[DATA EXCERPTS]
theorem mainTheorem4:
  fixes G :: "bit mat" and n k :: nat
  assumes "G \<in> carrier_mat k n" and "n \<ge> 2" and "k \<ge> 1" and "mrank G = k"
  shows "(exit_IE G has_real_derivative
            ((real n - 1) * real_of_int (coef_a G 0) - real_of_int (coef_a G 1)) / real n)
           (at 0 within {0..1})
       \<and> (coef_a G 0 = 0 \<longleftrightarrow> dmin G \<ge> 2)
       \<and> (dmin G \<ge> 2 \<longrightarrow> coef_a G 1 = 2 * int (Delta G) \<and>
           (exit_IE G has_real_derivative (- 2 / real n * real (Delta G))) (at 0 within {0..1}))
       \<and> (dmin G \<ge> 3 \<longrightarrow> coef_a G 1 = 0 \<and> Delta G = 0)
       \<and> (dmin G = 2 \<longrightarrow> Delta G > 0 \<and> coef_a G 1 \<noteq> 0)"
proof -
  note G = assms(1) and n = assms(2) and k = assms(3) and r = assms(4)
  have Delta: "Delta G = rank_deficiency G (n - 2)"
    unfolding Delta_def rank_deficiency_def using G by simp
  have a0: "coef_a G 0 = int (rank_deficiency G (n - 1))"
    using coef_a_0_eq[OF G r k] n by simp
  have a1: "coef_a G 1 = 2 * int (Delta G) - (int n - 1) * int (rank_deficiency G (n - 1))"
    using coef_a_1_eq[OF G n] Delta by simp
  have dmin2: "2 \<le> dmin G \<longleftrightarrow> rank_deficiency G (n - 1) = 0"
    using rank_deficiency_eq_0_iff[OF G r k, of 1] n by auto
  have dmin3: "3 \<le> dmin G \<longleftrightarrow> Delta G = 0"
    using rank_deficiency_eq_0_iff[OF G r k, of 2] n Delta by auto
  have slope: "(exit_IE G has_real_derivative
            ((real n - 1) * real_of_int (coef_a G 0) - real_of_int (coef_a G 1)) / real n)
           (at 0 within {0..1})"
    unfolding exit_IE_def using G has_field_derivative_at_within[OF exit_poly_deriv_0[OF n]] by simp
  have "2 \<le> dmin G \<Longrightarrow>
      ((real n - 1) * real_of_int (coef_a G 0) - real_of_int (coef_a G 1)) / real n
      = - 2 / real n * real (Delta G)"
    using a0 a1 dmin2 by simp
  then show ?thesis using slope a0 a1 dmin2 dmin3 by auto
qed

end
[/DATA EXCERPTS]
__ACTIVITY__
Word for word, copy out all of the data shown above.

__OUTPUT OF THE TASK__
theorem mainTheorem4:
  fixes G :: "bit mat" and n k :: nat
  assumes "G \<in> carrier_mat k n" and "n \<ge> 2" and "k \<ge> 1" and "mrank G = k"
  shows "(exit_IE G has_real_derivative
            ((real n - 1) * real_of_int (coef_a G 0) - real_of_int (coef_a G 1)) / real n)
           (at 0 within {0..1})
       \<and> (coef_a G 0 = 0 \<longleftrightarrow> dmin G \<ge> 2)
       \<and> (dmin G \<ge> 2 \<longrightarrow> coef_a G 1 = 2 * int (Delta G) \<and>
           (exit_IE G has_real_derivative (- 2 / real n * real (Delta G))) (at 0 within {0..1}))
       \<and> (dmin G \<ge> 3 \<longrightarrow> coef_a G 1 = 0 \<and> Delta G = 0)
       \<and> (dmin G = 2 \<longrightarrow> Delta G > 0 \<and> coef_a G 1 \<noteq> 0)"
proof -
  note G = assms(1) and n = assms(2) and k = assms(3) and r = assms(4)
  have Delta: "Delta G = rank_deficiency G (n - 2)"
    unfolding Delta_def rank_deficiency_def using G by simp
  have a0: "coef_a G 0 = int (rank_deficiency G (n - 1))"
    using coef_a_0_eq[OF G r k] n by simp
  have a1: "coef_a G 1 = 2 * int (Delta G) - (int n - 1) * int (rank_deficiency G (n - 1))"
    using coef_a_1_eq[OF G n] Delta by simp
  have dmin2: "2 \<le> dmin G \<longleftrightarrow> rank_deficiency G (n - 1) = 0"
    using rank_deficiency_eq_0_iff[OF G r k, of 1] n by auto
  have dmin3: "3 \<le> dmin G \<longleftrightarrow> Delta G = 0"
    using rank_deficiency_eq_0_iff[OF G r k, of 2] n Delta by auto
  have slope: "(exit_IE G has_real_derivative
            ((real n - 1) * real_of_int (coef_a G 0) - real_of_int (coef_a G 1)) / real n)
           (at 0 within {0..1})"
    unfolding exit_IE_def using G has_field_derivative_at_within[OF exit_poly_deriv_0[OF n]] by simp
  have "2 \<le> dmin G \<Longrightarrow>
      ((real n - 1) * real_of_int (coef_a G 0) - real_of_int (coef_a G 1)) / real n
      = - 2 / real n * real (Delta G)"
    using a0 a1 dmin2 by simp
  then show ?thesis using slope a0 a1 dmin2 dmin3 by auto
qed

end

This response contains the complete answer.